What you need to do. Scan the entries below. List each line with "False".

──────── Data supplied ────────

(* Let $m,n\in\mathbb N$, $p\in(0,1)$, $\pi\in(0,1/2)$, and let $R\in\mathbb F_2^{m\times n}$ be a random matrix with mutually independent columns, each column being zero with probability $1-p$ and otherwise consisting of i.i.d. $\mathrm{Bern}(\pi)$ entries. For $1\le k\le n$ let $x_k\in\mathbb F_2^n$ have exactly $k$ ones. Then $$\mathbb P(Rx_k=0)\le 2^{-m}\Bigl[1+\exp(-kp\pi)+2\exp\Bigl(-\tfrac kmD\bigl(\tfrac p2;p\bigr)\Bigr)\Bigr]^m.$$ In addition, $$\mathbb P(Rx_k=0)\le e^{-kmp\pi/4}\quad\text{for all } 1\le k\le k^*,$$ where $k^*=\max\bigl\{k:\ (1-2\pi)^k\ge\tfrac12\text{ and }\bigl(1-\tfrac{\pi k}{2}\bigr)^m\ge\tfrac12\bigr\}$.
   Context: $D(q;p)=q\log\frac qp+(1-q)\log\frac{1-q}{1-p}$ is the Kullback–Leibler divergence of $\mathrm{Bern}(q)$ from $\mathrm{Bern}(p)$. Arithmetic in $Rx_k$ is over $\mathbb F_2$. *)

theory Defs
  imports "HOL-Probability.Probability"
begin

definition KL :: "real \<Rightarrow> real \<Rightarrow> real" where
  "KL q p = q * ln (q / p) + (1 - q) * ln ((1 - q) / (1 - p))"

definition col_pmf :: "nat \<Rightarrow> real \<Rightarrow> real \<Rightarrow> (nat \<Rightarrow> bool) pmf" where
  "col_pmf m p ppi =
     bind_pmf (bernoulli_pmf p)
       (\<lambda>b. if b then Pi_pmf {..<m} False (\<lambda>_. bernoulli_pmf ppi)
            else return_pmf (\<lambda>_. False))"

text \<open>Random matrix R in F_2^{m x n}: R j i is the entry in row i, column j;
  the n columns are mutually independent with distribution col_pmf.\<close>
definition mat_pmf :: "nat \<Rightarrow> nat \<Rightarrow> real \<Rightarrow> real \<Rightarrow> (nat \<Rightarrow> nat \<Rightarrow> bool) pmf" where
  "mat_pmf m n p ppi = Pi_pmf {..<n} (\<lambda>_. False) (\<lambda>_. col_pmf m p ppi)"

definition mat_vec_zero :: "nat \<Rightarrow> nat \<Rightarrow> (nat \<Rightarrow> nat \<Rightarrow> bool) \<Rightarrow> (nat \<Rightarrow> bool) \<Rightarrow> bool" where
  "mat_vec_zero m n R x \<longleftrightarrow> (\<forall>i<m. even (card {j. j < n \<and> R j i \<and> x j}))"

definition kstar :: "nat \<Rightarrow> real \<Rightarrow> nat" where
  "kstar m ppi = Max {k::nat. (1 - 2 * ppi) ^ k \<ge> 1/2 \<and> (1 - ppi * real k / 2) ^ m \<ge> 1/2}"

end

theory Submission
  imports Defs
begin

text \<open>Writing the indicator of R x = 0 as the product over the rows i of
  (1 + (-1)^((R x)_i)) / 2 and expanding gives
  P(R x = 0) = 2^(-m) * sum over row sets U of E[(-1)^(sum_(i in U) (R x)_i)].
  Independence of the columns makes each term a k-th power
  (1 - p + p (1 - 2 pi)^|U|)^k, and the binomial theorem turns the sum into
  P(R x = 0) = E[((1 + (1 - 2 pi)^A) / 2)^m] with A ~ Bin(k, p), the number of
  nonzero columns in the support of x.
  For the first bound split on A >= k p / 2, where (1 - 2 pi)^A <= exp(-k p pi),
  and on A < k p / 2, a lower tail of probability at most exp(-k D(p/2; p)) by
  Chernoff; then use a^m + b^m <= (a + b)^m.
  For the second bound, (1 - 2 pi)^A >= 1/2 gives (1 + (1 - 2 pi)^A) / 2 <= exp(-pi A / 2),
  so P(R x = 0) is at most the moment generating function
  (1 - p + p exp(-pi m / 2))^k of A, and (1 - pi/2)^m >= 1/2 makes
  exp(-pi m / 2) <= 1 - pi m / 4.\<close>

lemma expectation_bind_pmf_bounded:
  fixes f :: "'b \<Rightarrow> real"
  assumes "\<And>x. \<bar>f x\<bar> \<le> B"
  shows "measure_pmf.expectation (bind_pmf M N) f =
         measure_pmf.expectation M (\<lambda>x. measure_pmf.expectation (N x) f)"
  unfolding measure_pmf_bind
  using measurable_measure_pmf[of N]
  by (intro integral_bind[where K="count_space UNIV" and B=B and B'=1])
     (auto simp: assms measure_pmf.emeasure_space_1)

lemma expectation_prod_Pi_pmf_subset:
  fixes f :: "'a \<Rightarrow> 'b \<Rightarrow> real"
  assumes A: "finite A" and J: "J \<subseteq> A" and bounded: "\<And>j y. \<bar>f j y\<bar> \<le> B"
  shows "measure_pmf.expectation (Pi_pmf A d P) (\<lambda>y. \<Prod>j\<in>J. f j (y j)) =
         (\<Prod>j\<in>J. measure_pmf.expectation (P j) (f j))"
proof -
  have "prob_space.indep_vars (Pi_pmf A d P) (\<lambda>_. count_space UNIV) (\<lambda>j y. y j) J"
    using prob_space.indep_vars_subset[OF prob_space_measure_pmf indep_vars_Pi_pmf[OF A] J] .
  then have indep: "prob_space.indep_vars (Pi_pmf A d P) (\<lambda>_. borel) (\<lambda>j y. f j (y j)) J"
    by (rule prob_space.indep_vars_compose2[OF prob_space_measure_pmf]) auto
  have "integrable (measure_pmf (Pi_pmf A d P)) (\<lambda>y. f j (y j))" for j
    by (intro measure_pmf.integrable_const_bound[where B=B]) (auto simp: bounded)
  then have "measure_pmf.expectation (Pi_pmf A d P) (\<lambda>y. \<Prod>j\<in>J. f j (y j)) =
             (\<Prod>j\<in>J. measure_pmf.expectation (Pi_pmf A d P) (\<lambda>y. f j (y j)))"
    using prob_space.indep_vars_lebesgue_integral[OF prob_space_measure_pmf finite_subset[OF J A] indep]
    by blast
  also have "\<dots> = (\<Prod>j\<in>J. measure_pmf.expectation (map_pmf (\<lambda>y. y j) (Pi_pmf A d P)) (f j))"
    by simp
  also have "\<dots> = (\<Prod>j\<in>J. measure_pmf.expectation (P j) (f j))"
    using J by (intro prod.cong refl) (auto simp: Pi_pmf_component[OF A])
  finally show ?thesis .
qed

definition bool_sign :: "bool \<Rightarrow> real" where
  "bool_sign b = (if b then -1 else 1)"

lemma abs_bool_sign [simp]: "\<bar>bool_sign b\<bar> = 1"
  by (simp add: bool_sign_def)

lemma abs_prod_bool_sign [simp]: "\<bar>\<Prod>i\<in>U. bool_sign (b i)\<bar> = 1"
  by (simp add: abs_prod)

lemma prod_bool_sign:
  assumes "finite S"
  shows "(\<Prod>j\<in>S. bool_sign (P j)) = (-1) ^ card {j\<in>S. P j}"
proof -
  have "(\<Prod>j\<in>S. bool_sign (P j)) = (\<Prod>j\<in>S \<inter> {j. P j}. -1) * (\<Prod>j\<in>S \<inter> - {j. P j}. 1)"
    unfolding bool_sign_def using prod.If_cases[OF assms, of P "\<lambda>_. -1::real" "\<lambda>_. 1"] by simp
  then show ?thesis
    by (simp add: Int_def conj_commute)
qed

lemma of_bool_all_lessThan: "of_bool (\<forall>i<m. Q i) = (\<Prod>i<(m::nat). of_bool (Q i) :: real)"
  by (induction m) (auto simp: less_Suc_eq)

lemma expectation_col_pmf_prod_bool_sign:
  assumes "U \<subseteq> {..<m}" "0 \<le> p" "p \<le> 1" "0 \<le> ppi" "ppi \<le> 1"
  shows "measure_pmf.expectation (col_pmf m p ppi) (\<lambda>r. \<Prod>i\<in>U. bool_sign (r i)) =
         1 - p + p * (1 - 2 * ppi) ^ card U"
proof -
  have "measure_pmf.expectation (Pi_pmf {..<m} False (\<lambda>_. bernoulli_pmf ppi))
          (\<lambda>r. \<Prod>i\<in>U. bool_sign (r i)) = (1 - 2 * ppi) ^ card U"
    using assms by (subst expectation_prod_Pi_pmf_subset[where B=1]) (auto simp: bool_sign_def)
  moreover have "\<And>r. \<bar>\<Prod>i\<in>U. bool_sign (r i)\<bar> \<le> 1"
    by simp
  ultimately show ?thesis
    unfolding col_pmf_def using assms
    by (subst expectation_bind_pmf_bounded) (simp_all add: bool_sign_def algebra_simps)
qed

lemma indicator_mat_vec_zero_eq:
  assumes "S = {j. j < n \<and> x j}"
  shows "indicator {R. mat_vec_zero m n R x} R =
         (1/2) ^ m * (\<Sum>U\<in>Pow {..<m}. \<Prod>i\<in>U. \<Prod>j\<in>S. bool_sign (R j i))"
proof -
  have row: "{j. j < n \<and> R j i \<and> x j} = {j\<in>S. R j i}" for i
    using assms by auto
  have "indicator {R. mat_vec_zero m n R x} R = (\<Prod>i<m. of_bool (even (card {j\<in>S. R j i})) :: real)"
    by (simp add: of_bool_all_lessThan mat_vec_zero_def row indicator_def)
  also have "\<dots> = (\<Prod>i<m. (1/2) * ((\<Prod>j\<in>S. bool_sign (R j i)) + 1))"
    using assms by (intro prod.cong refl) (simp add: prod_bool_sign)
  also have "\<dots> = (1/2) ^ m * (\<Prod>i<m. (\<Prod>j\<in>S. bool_sign (R j i)) + 1)"
    by (simp only: prod.distrib prod_constant card_lessThan)
  also have "(\<Prod>i<m. (\<Prod>j\<in>S. bool_sign (R j i)) + 1) =
             (\<Sum>U\<in>Pow {..<m}. \<Prod>i\<in>U. \<Prod>j\<in>S. bool_sign (R j i))"
    by (subst prod_add) simp_all
  finally show ?thesis .
qed

lemma prob_mat_vec_zero_eq_Fourier_sum:
  assumes "0 \<le> p" "p \<le> 1" "0 \<le> ppi" "ppi \<le> 1" "card {j. j < n \<and> x j} = k"
  shows "measure_pmf.prob (mat_pmf m n p ppi) {R. mat_vec_zero m n R x} =
         (1/2) ^ m * (\<Sum>U\<in>Pow {..<m}. (1 - p + p * (1 - 2 * ppi) ^ card U) ^ k)"
proof -
  define S where "S = {j. j < n \<and> x j}"
  define M where "M = mat_pmf m n p ppi"
  define ch where "ch U R = (\<Prod>i\<in>U. \<Prod>j\<in>S. bool_sign (R j i))" for U and R :: "nat \<Rightarrow> nat \<Rightarrow> bool"
  have expectation_ch:
    "measure_pmf.expectation M (ch U) = (1 - p + p * (1 - 2 * ppi) ^ card U) ^ k"
    if "U \<subseteq> {..<m}" for U
  proof -
    have "measure_pmf.expectation M (ch U) =
          measure_pmf.expectation M (\<lambda>R. \<Prod>j\<in>S. \<Prod>i\<in>U. bool_sign (R j i))"
      unfolding ch_def
      by (rule arg_cong[where f="measure_pmf.expectation M"]) (simp add: prod.swap[of _ U])
    also have "\<dots> = (\<Prod>j\<in>S. measure_pmf.expectation (col_pmf m p ppi)
                                (\<lambda>r. \<Prod>i\<in>U. bool_sign (r i)))"
      unfolding M_def mat_pmf_def
      by (rule expectation_prod_Pi_pmf_subset[where B=1]) (auto simp: S_def)
    also have "\<dots> = (1 - p + p * (1 - 2 * ppi) ^ card U) ^ k"
      using expectation_col_pmf_prod_bool_sign[OF that] assms by (simp add: S_def)
    finally show ?thesis .
  qed
  have integrable: "integrable (measure_pmf M) (ch U)" for U
    by (intro measure_pmf.integrable_const_bound[where B=1]) (auto simp: ch_def abs_prod)
  have "measure_pmf.prob M {R. mat_vec_zero m n R x} =
        measure_pmf.expectation M (indicator {R. mat_vec_zero m n R x})"
    by simp
  also have "\<dots> = measure_pmf.expectation M (\<lambda>R. (1/2) ^ m * (\<Sum>U\<in>Pow {..<m}. ch U R))"
    unfolding ch_def
    by (intro Bochner_Integration.integral_cong refl indicator_mat_vec_zero_eq[OF S_def])
  also have "\<dots> = (1/2) ^ m * (\<Sum>U\<in>Pow {..<m}. measure_pmf.expectation M (ch U))"
    by (simp add: integrable)
  also have "\<dots> = (1/2) ^ m * (\<Sum>U\<in>Pow {..<m}. (1 - p + p * (1 - 2 * ppi) ^ card U) ^ k)"
    by (simp add: expectation_ch)
  finally show ?thesis
    unfolding M_def .
qed

definition binomial_expectation :: "nat \<Rightarrow> real \<Rightarrow> (nat \<Rightarrow> real) \<Rightarrow> real" where
  "binomial_expectation k p f = (\<Sum>a\<le>k. real (k choose a) * p ^ a * (1 - p) ^ (k - a) * f a)"

lemma binomial_expectation_power:
  "binomial_expectation k p (\<lambda>a. q ^ a) = (p * q + (1 - p)) ^ k"
  unfolding binomial_expectation_def
  by (subst binomial_ring) (simp add: power_mult_distrib mult_ac)

lemma binomial_expectation_cmult:
  "binomial_expectation k p (\<lambda>a. c * f a) = c * binomial_expectation k p f"
  by (simp add: binomial_expectation_def sum_distrib_left mult_ac)

lemma binomial_expectation_add_const:
  "binomial_expectation k p (\<lambda>a. c + f a) = c + binomial_expectation k p f"
proof -
  have "binomial_expectation k p (\<lambda>_. 1) = 1"
    using binomial_expectation_power[of k p 1] by simp
  then have "binomial_expectation k p (\<lambda>_. c) = c"
    using binomial_expectation_cmult[of k p c "\<lambda>_. 1"] by simp
  then show ?thesis
    by (simp add: binomial_expectation_def distrib_left sum.distrib)
qed

lemma binomial_expectation_mono:
  assumes "0 \<le> p" "p \<le> 1" "\<And>a. a \<le> k \<Longrightarrow> f a \<le> g a"
  shows "binomial_expectation k p f \<le> binomial_expectation k p g"
  unfolding binomial_expectation_def using assms
  by (intro sum_mono mult_left_mono) auto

────────

Task result.
       (\<lambda>b. if b then Pi_pmf {..<m} False (\<lambda>_. bernoulli_pmf ppi)
            else return_pmf (\<lambda>_. False))"
  "mat_pmf m n p ppi = Pi_pmf {..<n} (\<lambda>_. False) (\<lambda>_. col_pmf m p ppi)"
  have "measure_pmf.expectation (Pi_pmf {..<m} False (\<lambda>_. bernoulli_pmf ppi))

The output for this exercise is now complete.